“Ask an Expert” is an occasional feature where we pose questions to ecommerce practitioners. For this installment, we’ve turned to Bill Sebald, a longtime search engine optimizer, managing partner of SEO agency Greenlane, and a Practical Ecommerce contributor. He addresses the effect of low-grade or spammy inbound links on organic search rankings.
Practical Ecommerce: Disavowing or requesting the removal of low-grade inbound links was once a common SEO practice. Is it still necessary?
Bill Sebald: This does not have a black and white answer. It is helpful to understand how Google uses links.
Google was the first search algorithm to view websites linking to each other as endorsements. That signal became the ingredient that Google used to rise above competing search engines. But it also created the link spam problem Google eventually had to deal with. What was originally a signal from a democratic web became an industry of participants who tried to manipulate Google with its own recipe.
In 2011, Google rolled out its first link penalty with the “Penguin” update. It was aimed at those who purchased links or acquired unnatural (irrelevant) links to earn rankings. Subsequent updates followed with the Penguin algorithm improving its detection abilities. Google even assigned humans to review and penalize sites.
Google also allowed penalized websites that had practiced unnatural link building to submit a reconsideration request after proving they attempted to have those links purged from the internet. Unfortunately, Google was never entirely transparent on its definition of an unnatural link, causing panic that remains in the SEO industry.
Today Google’s main algorithm includes Penguin. It’s built-in and, according to Google, always runs in real-time instead of occasionally, which was the earlier practice. For years Google’s web-spam team has written algorithms to identify characteristics of link spam. Website owners helped by submitting hundreds of thousands of disavow forms. Thus Google’s ability in 2021 to automatically detect unnatural links is presumably effective.

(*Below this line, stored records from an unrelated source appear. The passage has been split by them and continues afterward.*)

lemma integral_ln_diff_pow_exp:
  fixes a :: real
  assumes a: "0 < a"
  shows "(\<integral>x. indicator {0..} x * ln x * ((a * x ^ s - real s * x ^ (s - 1)) * exp (- a * x)) \<partial>lborel)
    = 1 / a ^ s * (Gamma (real s + 1) * (Digamma (real s + 1) - ln a)
          - (if s = 0 then 0 else real s * Gamma (real s) * (Digamma (real s) - ln a)))"
proof (cases "s = 0")
  case True
  then show ?thesis using integral_ln_exp[OF a] by simp
next
  case False
  have Gamma_Suc: "Gamma (real s + 1) = real s * Gamma (real s)"
    using False by (subst Gamma_plus1) (auto simp: nonpos_Ints_def)
  have Digamma_Suc: "Digamma (real s + 1) = Digamma (real s) + 1 / real s"
    using False by (subst Digamma_plus1) auto
  have Gamma_s: "Gamma (real s) = fact (s - 1)"
    using Gamma_fact[of "s - 1"] False by (simp add: of_nat_diff)
  have "Gamma (real s + 1) * (Digamma (real s + 1) - ln a)
      - real s * Gamma (real s) * (Digamma (real s) - ln a) = fact (s - 1)"
    unfolding Gamma_Suc Digamma_Suc Gamma_s using False by (simp add: field_simps)
  then show ?thesis
    using integral_ln_diff_pow_exp_pos[OF a, of s] False by simp
qed

lemma integral_sum_sum_mult:
  fixes f :: "'i \<Rightarrow> 'j \<Rightarrow> 'a \<Rightarrow> real"
  assumes "finite A" "finite B" "\<And>k q. k \<in> A \<Longrightarrow> q \<in> B \<Longrightarrow> integrable M (f k q)"
  shows "(\<integral>x. (\<Sum>k\<in>A. \<Sum>q\<in>B. c k q * f k q x) \<partial>M) = (\<Sum>k\<in>A. \<Sum>q\<in>B. c k q * (\<integral>x. f k q x \<partial>M))"
  using assms by (simp add: Bochner_Integration.integral_sum Bochner_Integration.integrable_sum)

lemma integrable_diff_pow_exp_mult:
  fixes a :: real
  assumes "\<And>p. integrable lborel (\<lambda>x. indicator {0..} x * x ^ p * exp (- a * x) * g x)"
  shows "integrable lborel
    (\<lambda>x. indicator {0..} x * ((a * x ^ s - real s * x ^ (s - 1)) * exp (- a * x)) * g x)"
proof -
  have "(\<lambda>x. indicator {0..} x * ((a * x ^ s - real s * x ^ (s - 1)) * exp (- a * x)) * g x)
      = (\<lambda>x. a * (indicator {0..} x * x ^ s * exp (- a * x) * g x)
        - real s * (indicator {0..} x * x ^ (s - 1) * exp (- a * x) * g x))"
    by (simp add: fun_eq_iff algebra_simps)
  then show ?thesis using assms by simp
qed
(* Under the hypotheses of the standing setting below, let $(u,v)$ be a bounded, decaying, optimal integrable positive solution. Then $u(x)\simeq|x|^{-\frac{n-\beta\gamma}{\gamma-1}}$.
   Context: Standing setting: $n\ge3$, $\beta>0$, $\gamma>1$, $\beta\gamma<n$, $p,q>0$ with $q\ge p$, $pq>(\gamma-1)^2$, $\sigma_1,\sigma_2\in(-\beta\gamma,\infty)$ with $\sigma_1\le\sigma_2$, $q_0+p_0\le\frac{n-\beta\gamma}{\gamma-1}$ where $q_0=\frac{\beta\gamma(\gamma-1+q)+(\gamma-1)\sigma_1+\sigma_2 q}{pq-(\gamma-1)^2}$, $p_0=\frac{\beta\gamma(\gamma-1+p)+(\gamma-1)\sigma_2+\sigma_1 p}{pq-(\gamma-1)^2}$; $c_1,c_2$ are double bounded (i.e. $1/C\le c_i(x)\le C$ for some $C>0$), and $(u,v)$ is a positive solution (nonnegative $L^1_{loc}$ functions, positive, satisfying the equations a.e.) of $u(x)=c_1(x)W_{\beta,\gamma}(|y|^{\sigma_1}v^q)(x)$, $v(x)=c_2(x)W_{\beta,\gamma}(|y|^{\sigma_2}u^p)(x)$, where $W_{\beta,\gamma}(f)(x)=\int_0^\infty\Big(\frac{\int_{B_t(x)}f(y)\,dy}{t^{n-\beta\gamma}}\Big)^{\frac{1}{\gamma-1}}\frac{dt}{t}$. For positive $f$, $f(x)\simeq g(x)$ means $1/c\le f(x)/g(x)\le c$ for some $c>0$ and all sufficiently large $|x|$; decaying means $u\simeq|x|^{-\theta_1}$, $v\simeq|x|^{-\theta_2}$ for some $\theta_1,\theta_2>0$. Optimal integrable means $(u,v)\in L^r\times L^s$ for all $r>\frac{n(\gamma-1)}{n-\beta\gamma}$ and $s>\max\big\{\frac{n(\gamma-1)}{n-\beta\gamma},\frac{n(\gamma-1)}{p\frac{n-\beta\gamma}{\gamma-1}-(\beta\gamma+\sigma_2)}\big\}$. *)

theory Defs
  imports "HOL-Analysis.Analysis"
begin

definition ball_int :: "((real^'n::finite) \<Rightarrow> real) \<Rightarrow> (real^'n) \<Rightarrow> real \<Rightarrow> ennreal"
  where "ball_int f x t = (\<integral>\<^sup>+ y. indicator (ball x t) y * ennreal (f y) \<partial>lborel)"

definition wolff :: "real \<Rightarrow> real \<Rightarrow> ((real^'n::finite) \<Rightarrow> real) \<Rightarrow> (real^'n) \<Rightarrow> ennreal"
  where "wolff \<beta> \<gamma> f x =
    (\<integral>\<^sup>+ t. indicator {0<..} t *
       (if ball_int f x t = \<infinity> then \<infinity>
        else ennreal ((enn2real (ball_int f x t) / t powr (real CARD('n) - \<beta> * \<gamma>))
                        powr (1 / (\<gamma> - 1)) / t)) \<partial>lborel)"

definition double_bounded :: "('a \<Rightarrow> real) \<Rightarrow> bool"
  where "double_bounded c \<longleftrightarrow> (\<exists>C>0. \<forall>x. 1 / C \<le> c x \<and> c x \<le> C)"

definition asymp_equiv_large :: "((real^'n::finite) \<Rightarrow> real) \<Rightarrow> ((real^'n) \<Rightarrow> real) \<Rightarrow> bool"
  where "asymp_equiv_large f g \<longleftrightarrow>
    (\<exists>c>0. \<exists>R. \<forall>x. norm x \<ge> R \<longrightarrow> 1 / c \<le> f x / g x \<and> f x / g x \<le> c)"

definition locally_L1 :: "((real^'n::finite) \<Rightarrow> real) \<Rightarrow> bool"
  where "locally_L1 f \<longleftrightarrow> f \<in> borel_measurable lborel \<and>
     (\<forall>K. compact K \<longrightarrow> set_integrable lborel K f)"

end

theory Submission
  imports Defs
begin

text \<open>
  Write \<open>u \<simeq> |x|\<^sup>-\<^sup>\<theta>\<close> and \<open>e = (n - \<beta>\<gamma>)/(\<gamma> - 1)\<close>.  If \<open>\<theta> < e\<close>, then \<open>r = n/\<theta>\<close> exceeds the
  critical exponent \<open>n/e\<close>, so \<open>u\<^sup>r\<close> is integrable; but \<open>u\<^sup>r \<simeq> |x|\<^sup>-\<^sup>n\<close>, which is not integrable at
  infinity (each dyadic annulus contributes the same amount).  If \<open>\<theta> > e\<close>, note that the Wolff
  potential of any a.e. positive function is at least \<open>C |x|\<^sup>-\<^sup>e\<close> for \<open>|x| \<ge> 1\<close>: for radii
  \<open>t \<in> (2|x|, 4|x|)\<close> the ball \<open>B\<^sub>t(x)\<close> contains \<open>B\<^sub>1(0)\<close>, and integrating the resulting lower bound of
  the integrand over these radii gives \<open>|x|\<^sup>-\<^sup>e\<close>.  Hence \<open>u \<ge> C |x|\<^sup>-\<^sup>e\<close>, contradicting faster decay.
\<close>

lemma nn_integral_norm_powr_neg_DIM_annulus_ge:
  fixes a :: real
  assumes a: "a > 0"
  shows "ennreal (unit_ball_vol DIM('a) * (1 - 1 / 2 ^ DIM('a)))
    \<le> (\<integral>\<^sup>+ x. indicator (ball (0::'a::euclidean_space) (2*a) - ball 0 a) x
               * ennreal (norm x powr - real DIM('a)) \<partial>lborel)"
proof -
  define d where "d = DIM('a)"
  define V where "V = unit_ball_vol d"
  define S where "S = ball (0::'a) (2*a) - ball 0 a"
  have V: "V > 0" unfolding V_def by simp
  have "V * (1 - 1 / 2 ^ d) = (2*a) powr - real d * (V * (2*a) ^ d - V * a ^ d)"
    using a by (simp add: powr_minus powr_realpow field_simps power_mult_distrib)
  also have "ennreal \<dots> = ennreal ((2*a) powr - real d) * ennreal (V * (2*a) ^ d - V * a ^ d)"
    using a V by (intro ennreal_mult) (auto intro!: mult_left_mono power_mono)
  also have "ennreal (V * (2*a) ^ d - V * a ^ d) = ennreal (V * (2*a) ^ d) - ennreal (V * a ^ d)"
    using a V by (subst ennreal_minus) (auto intro!: mult_left_mono power_mono)
  also have "ennreal (V * (2*a) ^ d) - ennreal (V * a ^ d) = emeasure lborel S"
    using a unfolding S_def
    by (subst emeasure_Diff) (auto simp: emeasure_ball V_def d_def emeasure_lborel_ball_finite)
  also have "ennreal ((2*a) powr - real d) * \<dots> = (\<integral>\<^sup>+ x. ennreal ((2*a) powr - real d) * indicator S x \<partial>lborel)"
    unfolding S_def by (subst nn_integral_cmult_indicator) auto
  also have "\<dots> \<le> (\<integral>\<^sup>+ x. indicator S x * ennreal (norm x powr - real d) \<partial>lborel)"
  proof (rule nn_integral_mono)
    fix x :: 'a
    have "x \<in> S \<Longrightarrow> (2*a) powr - real d \<le> norm x powr - real d"
      using a unfolding S_def by (intro powr_mono2') auto
    then show "ennreal ((2*a) powr - real d) * indicator S x \<le> indicator S x * ennreal (norm x powr - real d)"
      by (auto simp: indicator_def intro: ennreal_leI)
  qed
  finally show ?thesis unfolding S_def V_def d_def .
qed
fun lit_true :: "(nat \<Rightarrow> bool) \<Rightarrow> lit \<Rightarrow> bool" where
  "lit_true a (Pos v) = a v"
| "lit_true a (Neg v) = (\<not> a v)"

definition satisfiable :: "lit set set \<Rightarrow> bool" where
  "satisfiable F \<longleftrightarrow> (\<exists>a. \<forall>C\<in>F. \<exists>x\<in>C. lit_true a x)"

definition MU :: "lit set set set" where
  "MU = {F. is_clause_set F \<and> \<not> satisfiable F \<and> (\<forall>C\<in>F. satisfiable (F - {C}))}"

definition hitting :: "lit set set \<Rightarrow> bool" where
  "hitting F \<longleftrightarrow> (\<forall>C\<in>F. \<forall>D\<in>F. C \<noteq> D \<longrightarrow> C \<inter> comp_set D \<noteq> {})"

definition UHIT :: "lit set set set" where
  "UHIT = {F. is_clause_set F \<and> \<not> satisfiable F \<and> hitting F}"

definition with_deficiency :: "lit set set set \<Rightarrow> int \<Rightarrow> lit set set set" where
  "with_deficiency \<C> k = {F \<in> \<C>. deficiency F = k}"

definition ofun :: "nat \<Rightarrow> nat" where
  "ofun k = (LEAST n. (2::int) ^ n - int n \<ge> int k)"

end

theory Submission
  imports Defs
begin

text \<open>
  In a minimally unsatisfiable clause-set every clause has an assignment falsifying it and
  satisfying all other clauses; restricted to the variables of the clause-set these assignments
  are pairwise distinct, so \<open>c(F) \<le> 2^n(F)\<close>, i.e. \<open>\<delta>(F) = k\<close> forces \<open>2^n(F) - n(F) \<ge> k\<close>.
  Conversely, every unsatisfiable hitting clause-set is minimally unsatisfiable, and for
  \<open>n < c \<le> 2^n\<close> a splitting tree on \<open>n\<close> variables with \<open>c\<close> leaves, read as the clause-set
  of its branches, is an unsatisfiable hitting clause-set with exactly \<open>n\<close> variables and
  \<open>c\<close> clauses.
\<close>

lemma comp_lit_comp_lit [simp]: "comp_lit (comp_lit x) = x"
  by (cases x) auto

lemma lit_true_comp_lit [simp]: "lit_true a (comp_lit x) \<longleftrightarrow> \<not> lit_true a x"
  by (cases x) auto

lemma lit_true_cong: "a (lit_var x) = b (lit_var x) \<Longrightarrow> lit_true a x = lit_true b x"
  by (cases x) auto

lemma comp_lit_in_comp_set_iff: "comp_lit x \<in> comp_set C \<longleftrightarrow> x \<in> C"
  unfolding comp_set_def by (metis comp_lit_comp_lit image_iff)
lemma image_subset_if_stampacchia:
  fixes f :: "'x::real_vector \<Rightarrow> 'z set"
  assumes "closed_convex_cone C" "G_convex C f" "f x0 \<noteq> {}"
    and stampacchia: "\<forall>x. \<forall>L \<in> neg_dual_cone C - {\<lambda>_. 0}.
            scal_fun f L x0 = -\<infinity> \<or> 0 \<le> dir_deriv (scal_fun f L) x0 (x - x0)"
  shows "f x \<subseteq> f x0"
proof
  fix z assume "z \<in> f x"
  show "z \<in> f x0"
  proof (rule ccontr)
    assume "z \<notin> f x0"
    have fx0: "f x0 \<in> Gspace C" using assms(2) unfolding G_convex_def by blast
    obtain k0 where "k0 \<in> f x0" using assms(3) by blast
    obtain L \<delta> where L: "L \<in> neg_dual_cone C - {\<lambda>_. 0}" and "\<delta> > 0"
      and sep: "\<And>k. k \<in> f x0 \<Longrightarrow> L k \<le> L z - \<delta>"
      using separation_neg_dual_cone[OF _ Gspace_closed[OF fx0] Gspace_convex[OF fx0] \<open>k0 \<in> f x0\<close>
          Gspace_add_cone[OF fx0] \<open>z \<notin> f x0\<close>] assms(1)
      unfolding closed_convex_cone_def by blast
    have linear: "linear L" using L unfolding neg_dual_cone_def top_dual_def by blast
    define \<phi> where "\<phi> = scal_fun f L"
    have "ereal (- L z + \<delta>) \<le> \<phi> x0"
      unfolding \<phi>_def using sep by (intro scal_fun_greatest) fastforce
    moreover have "\<phi> x0 \<le> ereal (- L k0)"
      unfolding \<phi>_def using \<open>k0 \<in> f x0\<close> by (rule scal_fun_le)
    ultimately obtain a where a: "\<phi> x0 = ereal a" and "- L z + \<delta> \<le> a"
      by (cases "\<phi> x0") auto
    have "\<phi> x0 < ereal (a + \<delta>)" using a \<open>\<delta> > 0\<close> by simp
    then obtain z' where "z' \<in> f x0" "- L z' < a + \<delta>"
      unfolding \<phi>_def scal_fun_def Inf_less_iff by auto
    define m where "m = (1 / 2) *\<^sub>R z + (1 - 1 / 2) *\<^sub>R z'"
    have "m \<in> f ((1 / 2) *\<^sub>R x + (1 - 1 / 2) *\<^sub>R x0)"
      unfolding m_def using G_convex_combination[OF assms(2) \<open>z \<in> f x\<close> \<open>z' \<in> f x0\<close>, of "1 / 2"] by simp
    moreover have "(1 / 2) *\<^sub>R x + (1 - 1 / 2) *\<^sub>R x0 = x0 + (1 / 2) *\<^sub>R (x - x0)"
      by (simp only: scaleR_diff_left scaleR_diff_right scaleR_one) (simp add: algebra_simps)
    ultimately have "\<phi> (x0 + (1 / 2) *\<^sub>R (x - x0)) \<le> ereal (- L m)"
      unfolding \<phi>_def by (simp add: scal_fun_le)
    also have "ereal (- L m) < \<phi> x0"
      using a \<open>- L z + \<delta> \<le> a\<close> \<open>- L z' < a + \<delta>\<close>
      by (simp add: m_def linear_add[OF linear] linear_scale[OF linear])
    finally have "\<phi> (x0 + (1 / 2) *\<^sub>R (x - x0)) < \<phi> x0" .
    from dir_deriv_neg_if_descent[where \<phi> = \<phi>, OF a _ this]
    have "dir_deriv \<phi> x0 (x - x0) < 0" by simp
    moreover have "0 \<le> dir_deriv \<phi> x0 (x - x0)"
      using stampacchia[rule_format, OF L, of x] a unfolding \<phi>_def by auto
    ultimately show False by simp
  qed
qed

end

theorem mainTheorem1:
  fixes C :: "'z::{real_vector,t2_space} set"
    and f :: "'x::real_vector \<Rightarrow> 'z set"
    and x0 :: 'x
  assumes "lc_tvs TYPE('z)"
    and "closed_convex_cone C"
    and "neg_dual_cone C - {\<lambda>_. 0} \<noteq> {}"
    and "G_convex C f"
    and "x0 \<in> dom_G f"
  shows "(\<forall>x. \<forall>zs \<in> neg_dual_cone C - {\<lambda>_. 0}.
            scal_fun f zs x0 = -\<infinity> \<or> 0 \<le> dir_deriv (scal_fun f zs) x0 (x - x0))
         \<longleftrightarrow> f x0 = inf_image f"
proof -
  have fx0: "f x0 \<in> Gspace C" using assms(4) unfolding G_convex_def by blast
  have ne: "f x0 \<noteq> {}" using assms(5) unfolding dom_G_def by blast
  have inf_image_iff: "f x0 = inf_image f \<longleftrightarrow> (\<forall>x. f x \<subseteq> f x0)"
    using Gspace_closed[OF fx0] Gspace_convex[OF assms(1) fx0] by (rule inf_image_eq_iff_image_subset)
  show ?thesis
  proof
    assume "\<forall>x. \<forall>zs \<in> neg_dual_cone C - {\<lambda>_. 0}.
      scal_fun f zs x0 = -\<infinity> \<or> 0 \<le> dir_deriv (scal_fun f zs) x0 (x - x0)"
    from image_subset_if_stampacchia[OF assms(1,2,4) ne this]
    show "f x0 = inf_image f" unfolding inf_image_iff by blast
  next
    assume "f x0 = inf_image f"
    then have "\<And>x. f x \<subseteq> f x0" unfolding inf_image_iff by blast
    from stampacchia_if_image_subset[where f = f, OF ne this]
    show "\<forall>x. \<forall>zs \<in> neg_dual_cone C - {\<lambda>_. 0}.
      scal_fun f zs x0 = -\<infinity> \<or> 0 \<le> dir_deriv (scal_fun f zs) x0 (x - x0)" by blast
  qed
qed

Google states that it now devalues all the unnatural and low-grade links that it identifies. But it doesn’t say what it has or has not devalued. That’s why I strongly advise caution when hiring a link builder. The key is to produce content that folks want to link to naturally — definitely not for money.
So I would not worry about spammy links if I’ve never engaged in aggressive or paid link-building schemes. But if the volume of spammy links is so high that Google could conclude you’re trying to game the algorithm, the disavow process is painless enough.